EXERCISE INSTRUCTIONS -
Produce the records below again, word for word, but stop after the line that contains "(\<forall>t x. (\<lambda>s.".

RECORDS SUPPLIED -
== Segment start ==

(* Consider the Kudryashov–Sinelshchikov equation $$F:=u_t+uu_x-(1+u)u_{xx}-u_x^2=0$$ for $u=u(t,x)$. Each of the following pairs $(C^1,C^2)$ is a conserved vector for this equation, i.e. $D_tC^1+D_xC^2=0$ holds on every (sufficiently smooth) solution $u$: (1) $C^1=-u_x e^{-t-x}$, $C^2=\big(u_t+(1+u)u_x\big)e^{-t-x}$; (2) $C^1=\big(\tfrac{u^2}{2}-(1+u)u_x\big)e^{-t-x}$, $C^2=\big(-\tfrac{u^2}{2}+(1+u)u_t+(1+u)u_x\big)e^{-t-x}$; (3) $C^1=\big(-(1+u)+\tfrac{t u^2}{2}-t u u_x\big)e^{-t-x}$, $C^2=\big((1+u)+(1+u)u_x+\tfrac{u^2}{2}+t u u_t-\tfrac{t u^2}{2}\big)e^{-t-x}$.
   Context: $D_t$ and $D_x$ denote the total derivative operators with respect to $t$ and $x$. *)

theory Defs
  imports "HOL-Analysis.Analysis"
begin

text \<open>Functions of two real variables u(t,x) are curried: u :: real => real => real.
  pt f / px f are the partial derivatives with respect to t / x (for a function
  of (t,x) the total derivatives D_t, D_x coincide with these partial derivatives
  once u is substituted).\<close>

definition pt :: "(real \<Rightarrow> real \<Rightarrow> real) \<Rightarrow> real \<Rightarrow> real \<Rightarrow> real" where
  "pt f t x = deriv (\<lambda>s. f s x) t"

definition px :: "(real \<Rightarrow> real \<Rightarrow> real) \<Rightarrow> real \<Rightarrow> real \<Rightarrow> real" where
  "px f t x = deriv (\<lambda>y. f t y) x"

definition has_partials :: "(real \<Rightarrow> real \<Rightarrow> real) \<Rightarrow> bool" where
  "has_partials f \<longleftrightarrow>
     (\<forall>t x. (\<lambda>s. f s x) differentiable (at t) \<and> (\<lambda>y. f t y) differentiable (at x))"

definition C2_plane :: "(real \<Rightarrow> real \<Rightarrow> real) \<Rightarrow> bool" where
  "C2_plane u \<longleftrightarrow>
     has_partials u \<and> has_partials (pt u) \<and> has_partials (px u) \<and>
     (\<forall>g \<in> {u, pt u, px u, pt (pt u), pt (px u), px (pt u), px (px u)}.
        continuous_on UNIV (\<lambda>(t, x). g t x))"

end

theory Submission
  imports Defs
begin

text \<open>Once \<open>u\<^sub>t\<^sub>x = u\<^sub>x\<^sub>t\<close> is known, a direct computation shows that each of the three
  divergences equals \<open>-e\<^sup>-\<^sup>t\<^sup>-\<^sup>x F\<close>, where \<open>F\<close> is the left-hand side of the equation:
  the three conserved vectors share the characteristic \<open>-e\<^sup>-\<^sup>t\<^sup>-\<^sup>x\<close>, and they are
  conserved because \<open>F\<close> vanishes on solutions.\<close>

lemma double_difference_mean_value:
  fixes f ft ftx :: "real \<Rightarrow> real \<Rightarrow> real"
  assumes ft: "\<And>s y. ((\<lambda>s. f s y) has_real_derivative ft s y) (at s)"
    and ftx: "\<And>s y. ((\<lambda>y. ft s y) has_real_derivative ftx s y) (at y)"
    and "h > 0"
  obtains s y where "t < s" "s < t + h" "x < y" "y < x + h"
    "f (t + h) (x + h) - f (t + h) x - f t (x + h) + f t x = h * h * ftx s y"
proof -
  have "\<And>s. ((\<lambda>s. f s (x + h) - f s x) has_real_derivative ft s (x + h) - ft s x) (at s)"
    by (intro DERIV_diff ft)
  then obtain s where s: "t < s" "s < t + h"
    "f (t + h) (x + h) - f (t + h) x - (f t (x + h) - f t x) = h * (ft s (x + h) - ft s x)"
    using MVT2[of t "t + h" "\<lambda>s. f s (x + h) - f s x" "\<lambda>s. ft s (x + h) - ft s x"] \<open>h > 0\<close> by auto
  obtain y where "x < y" "y < x + h" "ft s (x + h) - ft s x = h * ftx s y"
    using MVT2[of x "x + h" "ft s" "ftx s"] ftx \<open>h > 0\<close> by auto
  with s show ?thesis
    using that by (auto simp: algebra_simps)
qed

lemma dist_in_open_square:
  fixes a b t x h :: real
  assumes "t < a" "a < t + h" "x < b" "b < x + h"
  shows "dist (a, b) (t, x) < 2 * h"
proof -
  have "dist (a, b) (t, x) = sqrt ((a - t)\<^sup>2 + (b - x)\<^sup>2)"
    by (simp add: dist_Pair_Pair dist_real_def)
  also have "\<dots> \<le> \<bar>a - t\<bar> + \<bar>b - x\<bar>"
    by (rule sqrt_sum_squares_le_sum_abs)
  also have "\<dots> < 2 * h"
    using assms by simp
  finally show ?thesis .
qed

lemma mixed_partials_eq:
  fixes f ft fx ftx fxt :: "real \<Rightarrow> real \<Rightarrow> real"
  assumes ft: "\<And>s y. ((\<lambda>s. f s y) has_real_derivative ft s y) (at s)"
    and fx: "\<And>s y. ((\<lambda>y. f s y) has_real_derivative fx s y) (at y)"
    and ftx: "\<And>s y. ((\<lambda>y. ft s y) has_real_derivative ftx s y) (at y)"
    and fxt: "\<And>s y. ((\<lambda>s. fx s y) has_real_derivative fxt s y) (at s)"
    and cont_ftx: "continuous (at (t, x)) (\<lambda>(s, y). ftx s y)"
    and cont_fxt: "continuous (at (t, x)) (\<lambda>(s, y). fxt s y)"
  shows "ftx t x = fxt t x"
proof (rule ccontr)
  assume "ftx t x \<noteq> fxt t x"
  define e where "e = \<bar>ftx t x - fxt t x\<bar> / 2"
  have "e > 0"
    using \<open>ftx t x \<noteq> fxt t x\<close> by (simp add: e_def)
  obtain d1 where "d1 > 0" and d1: "\<And>s y. dist (s, y) (t, x) < d1 \<Longrightarrow> \<bar>ftx s y - ftx t x\<bar> < e"
    using cont_ftx \<open>e > 0\<close> unfolding continuous_at_eps_delta dist_real_def by fastforce
  obtain d2 where "d2 > 0" and d2: "\<And>s y. dist (s, y) (t, x) < d2 \<Longrightarrow> \<bar>fxt s y - fxt t x\<bar> < e"
    using cont_fxt \<open>e > 0\<close> unfolding continuous_at_eps_delta dist_real_def by fastforce
  define h where "h = min d1 d2 / 2"
  have "h > 0" "2 * h \<le> d1" "2 * h \<le> d2"
    using \<open>d1 > 0\<close> \<open>d2 > 0\<close> by (auto simp: h_def)
  obtain s1 y1 where s1y1: "t < s1" "s1 < t + h" "x < y1" "y1 < x + h"
    "f (t + h) (x + h) - f (t + h) x - f t (x + h) + f t x = h * h * ftx s1 y1"
    using double_difference_mean_value[OF ft ftx \<open>h > 0\<close>] .
  obtain y2 s2 where s2y2: "x < y2" "y2 < x + h" "t < s2" "s2 < t + h"
    "f (t + h) (x + h) - f t (x + h) - f (t + h) x + f t x = h * h * fxt s2 y2"
    using double_difference_mean_value[of "\<lambda>y s. f s y", OF fx fxt \<open>h > 0\<close>] .
  have "ftx s1 y1 = fxt s2 y2"
    using s1y1(5) s2y2(5) \<open>h > 0\<close> by (simp add: algebra_simps)
  moreover have "\<bar>ftx s1 y1 - ftx t x\<bar> < e"
    using d1 dist_in_open_square[of t s1 h x y1] s1y1 \<open>2 * h \<le> d1\<close> by force
  moreover have "\<bar>fxt s2 y2 - fxt t x\<bar> < e"
    using d2 dist_in_open_square[of t s2 h x y2] s2y2 \<open>2 * h \<le> d2\<close> by force
  ultimately show False
    unfolding e_def by (simp add: abs_if split: if_splits)
qed

lemma has_partials_pt:
  "has_partials f \<Longrightarrow> ((\<lambda>s. f s x) has_real_derivative pt f t x) (at t within S)"
  unfolding has_partials_def pt_def
  using DERIV_deriv_iff_real_differentiable has_field_derivative_at_within by blast

lemma has_partials_px:
  "has_partials f \<Longrightarrow> ((\<lambda>y. f t y) has_real_derivative px f t x) (at x within S)"
  unfolding has_partials_def px_def
  using DERIV_deriv_iff_real_differentiable has_field_derivative_at_within by blast

lemma C2_plane_has_partials:
  assumes "C2_plane u"
  shows "has_partials u" "has_partials (pt u)" "has_partials (px u)"
  using assms by (simp_all add: C2_plane_def)

lemma C2_plane_mixed_partials:
  assumes "C2_plane u"
  shows "px (pt u) t x = pt (px u) t x"
proof (rule mixed_partials_eq[of u "pt u" "px u" "px (pt u)" "pt (px u)"])
  show "((\<lambda>s. u s y) has_real_derivative pt u s y) (at s)"
    "((\<lambda>y. u s y) has_real_derivative px u s y) (at y)"
    "((\<lambda>y. pt u s y) has_real_derivative px (pt u) s y) (at y)"
    "((\<lambda>s. px u s y) has_real_derivative pt (px u) s y) (at s)" for s y
    using C2_plane_has_partials[OF assms] by (auto intro: has_partials_pt has_partials_px)
  have "continuous_on UNIV (\<lambda>(s, y). px (pt u) s y)"
    "continuous_on UNIV (\<lambda>(s, y). pt (px u) s y)"
    using assms by (auto simp: C2_plane_def)
  then show "continuous (at (t, x)) (\<lambda>(s, y). px (pt u) s y)"
    "continuous (at (t, x)) (\<lambda>(s, y). pt (px u) s y)"
    by (simp_all add: continuous_on_eq_continuous_at)
qed

definition ks_residual :: "(real \<Rightarrow> real \<Rightarrow> real) \<Rightarrow> real \<Rightarrow> real \<Rightarrow> real" where
  "ks_residual u t x =
     pt u t x + u t x * px u t x - (1 + u t x) * px (px u) t x - (px u t x)\<^sup>2"

lemma divergence_exp_weighted:
  assumes P: "((\<lambda>s. P s x) has_real_derivative Pt) (at t)"
    and Q: "((\<lambda>y. Q t y) has_real_derivative Qx) (at x)"
    and "Pt + Qx - P t x - Q t x = R"
  shows "pt (\<lambda>t x. P t x * exp (- t - x)) t x + px (\<lambda>t x. Q t x * exp (- t - x)) t x
    = R * exp (- t - x)"
proof -
  have "pt (\<lambda>t x. P t x * exp (- t - x)) t x = (Pt - P t x) * exp (- t - x)"
    unfolding pt_def
    by (rule DERIV_imp_deriv, (rule derivative_eq_intros P refl)+) (simp add: algebra_simps)
  moreover have "px (\<lambda>t x. Q t x * exp (- t - x)) t x = (Qx - Q t x) * exp (- t - x)"
    unfolding px_def
    by (rule DERIV_imp_deriv, (rule derivative_eq_intros Q refl)+) (simp add: algebra_simps)
  ultimately show ?thesis
    unfolding \<open>Pt + Qx - P t x - Q t x = R\<close>[symmetric] by (simp add: algebra_simps)
qed

lemma ks_conservation_law_1:
  assumes "C2_plane u"
  shows "pt (\<lambda>t x. - px u t x * exp (- t - x)) t x
       + px (\<lambda>t x. (pt u t x + (1 + u t x) * px u t x) * exp (- t - x)) t x
     = - ks_residual u t x * exp (- t - x)"
proof (rule divergence_exp_weighted)
  note partials = C2_plane_has_partials[OF assms, THEN has_partials_pt]
    C2_plane_has_partials[OF assms, THEN has_partials_px]
  show "((\<lambda>s. - px u s x) has_real_derivative - pt (px u) t x) (at t)"
    by (rule derivative_eq_intros partials refl | simp)+
  show "((\<lambda>y. pt u t y + (1 + u t y) * px u t y) has_real_derivative
      px (pt u) t x + px u t x * px u t x + (1 + u t x) * px (px u) t x) (at x)"
    by (rule derivative_eq_intros partials refl | simp)+
qed (simp add: C2_plane_mixed_partials[OF assms] ks_residual_def algebra_simps power2_eq_square)

lemma ks_conservation_law_2:
  assumes "C2_plane u"
  shows "pt (\<lambda>t x. ((u t x)\<^sup>2 / 2 - (1 + u t x) * px u t x) * exp (- t - x)) t x
       + px (\<lambda>t x. (- (u t x)\<^sup>2 / 2 + (1 + u t x) * pt u t x + (1 + u t x) * px u t x)
                    * exp (- t - x)) t x
     = - ks_residual u t x * exp (- t - x)"
proof (rule divergence_exp_weighted)
  note partials = C2_plane_has_partials[OF assms, THEN has_partials_pt]
    C2_plane_has_partials[OF assms, THEN has_partials_px]
  show "((\<lambda>s. (u s x)\<^sup>2 / 2 - (1 + u s x) * px u s x) has_real_derivative
      u t x * pt u t x - (pt u t x * px u t x + (1 + u t x) * pt (px u) t x)) (at t)"
    by (rule derivative_eq_intros partials refl | simp add: algebra_simps)+
  show "((\<lambda>y. - (u t y)\<^sup>2 / 2 + (1 + u t y) * pt u t y + (1 + u t y) * px u t y)
      has_real_derivative
      - (u t x * px u t x) + (px u t x * pt u t x + (1 + u t x) * px (pt u) t x)
      + (px u t x * px u t x + (1 + u t x) * px (px u) t x)) (at x)"
    by (rule derivative_eq_intros partials refl | simp add: algebra_simps)+
qed (simp add: C2_plane_mixed_partials[OF assms] ks_residual_def algebra_simps power2_eq_square)

lemma ks_conservation_law_3:
  assumes "C2_plane u"
  shows "pt (\<lambda>t x. (- (1 + u t x) + t * (u t x)\<^sup>2 / 2 - t * u t x * px u t x) * exp (- t - x)) t x
       + px (\<lambda>t x. ((1 + u t x) + (1 + u t x) * px u t x + (u t x)\<^sup>2 / 2
                     + t * u t x * pt u t x - t * (u t x)\<^sup>2 / 2) * exp (- t - x)) t x
     = - ks_residual u t x * exp (- t - x)"
proof (rule divergence_exp_weighted)
  note partials = C2_plane_has_partials[OF assms, THEN has_partials_pt]
    C2_plane_has_partials[OF assms, THEN has_partials_px]
  show "((\<lambda>s. - (1 + u s x) + s * (u s x)\<^sup>2 / 2 - s * u s x * px u s x) has_real_derivative
      - pt u t x + ((u t x)\<^sup>2 / 2 + t * u t x * pt u t x)
      - (u t x * px u t x + t * pt u t x * px u t x + t * u t x * pt (px u) t x)) (at t)"
    by (rule derivative_eq_intros partials refl | simp add: algebra_simps power2_eq_square)+
  show "((\<lambda>y. (1 + u t y) + (1 + u t y) * px u t y + (u t y)\<^sup>2 / 2
                + t * u t y * pt u t y - t * (u t y)\<^sup>2 / 2) has_real_derivative
      px u t x + (px u t x * px u t x + (1 + u t x) * px (px u) t x) + u t x * px u t x
      + t * (px u t x * pt u t x + u t x * px (pt u) t x) - t * u t x * px u t x) (at x)"
    by (rule derivative_eq_intros partials refl | simp add: algebra_simps power2_eq_square)+
qed (simp add: C2_plane_mixed_partials[OF assms] ks_residual_def algebra_simps power2_eq_square)

theorem mainTheorem5:
  fixes u :: "real \<Rightarrow> real \<Rightarrow> real"
  assumes smooth: "C2_plane u"
    and pde: "\<forall>t x. pt u t x + u t x * px u t x - (1 + u t x) * px (px u) t x
                      - (px u t x)\<^sup>2 = 0"
  shows
    "(let C1 = (\<lambda>t x. - px u t x * exp (- t - x));
          C2 = (\<lambda>t x. (pt u t x + (1 + u t x) * px u t x) * exp (- t - x))
      in \<forall>t x. pt C1 t x + px C2 t x = 0)
   \<and> (let C1 = (\<lambda>t x. ((u t x)\<^sup>2 / 2 - (1 + u t x) * px u t x) * exp (- t - x));
          C2 = (\<lambda>t x. (- (u t x)\<^sup>2 / 2 + (1 + u t x) * pt u t x
                        + (1 + u t x) * px u t x) * exp (- t - x))
      in \<forall>t x. pt C1 t x + px C2 t x = 0)
   \<and> (let C1 = (\<lambda>t x. (- (1 + u t x) + t * (u t x)\<^sup>2 / 2 - t * u t x * px u t x)
                        * exp (- t - x));
          C2 = (\<lambda>t x. ((1 + u t x) + (1 + u t x) * px u t x + (u t x)\<^sup>2 / 2
                        + t * u t x * pt u t x - t * (u t x)\<^sup>2 / 2) * exp (- t - x))
      in \<forall>t x. pt C1 t x + px C2 t x = 0)"
proof -
  have "ks_residual u t x = 0" for t x
    using pde by (simp add: ks_residual_def)
  then show ?thesis
    unfolding Let_def
    using ks_conservation_law_1[OF smooth] ks_conservation_law_2[OF smooth]
      ks_conservation_law_3[OF smooth]
    by simp
qed

end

== Segment end ==

ANSWER FOR THIS EXERCISE -
(* Consider the Kudryashov–Sinelshchikov equation $$F:=u_t+uu_x-(1+u)u_{xx}-u_x^2=0$$ for $u=u(t,x)$. Each of the following pairs $(C^1,C^2)$ is a conserved vector for this equation, i.e. $D_tC^1+D_xC^2=0$ holds on every (sufficiently smooth) solution $u$: (1) $C^1=-u_x e^{-t-x}$, $C^2=\big(u_t+(1+u)u_x\big)e^{-t-x}$; (2) $C^1=\big(\tfrac{u^2}{2}-(1+u)u_x\big)e^{-t-x}$, $C^2=\big(-\tfrac{u^2}{2}+(1+u)u_t+(1+u)u_x\big)e^{-t-x}$; (3) $C^1=\big(-(1+u)+\tfrac{t u^2}{2}-t u u_x\big)e^{-t-x}$, $C^2=\big((1+u)+(1+u)u_x+\tfrac{u^2}{2}+t u u_t-\tfrac{t u^2}{2}\big)e^{-t-x}$.
   Context: $D_t$ and $D_x$ denote the total derivative operators with respect to $t$ and $x$. *)

theory Defs
  imports "HOL-Analysis.Analysis"
begin

text \<open>Functions of two real variables u(t,x) are curried: u :: real => real => real.
  pt f / px f are the partial derivatives with respect to t / x (for a function
  of (t,x) the total derivatives D_t, D_x coincide with these partial derivatives
  once u is substituted).\<close>

definition pt :: "(real \<Rightarrow> real \<Rightarrow> real) \<Rightarrow> real \<Rightarrow> real \<Rightarrow> real" where
  "pt f t x = deriv (\<lambda>s. f s x) t"

definition px :: "(real \<Rightarrow> real \<Rightarrow> real) \<Rightarrow> real \<Rightarrow> real \<Rightarrow> real" where
  "px f t x = deriv (\<lambda>y. f t y) x"

definition has_partials :: "(real \<Rightarrow> real \<Rightarrow> real) \<Rightarrow> bool" where
  "has_partials f \<longleftrightarrow>
     (\<forall>t x. (\<lambda>s. f s x) differentiable (at t) \<and> (\<lambda>y. f t y) differentiable (at x))"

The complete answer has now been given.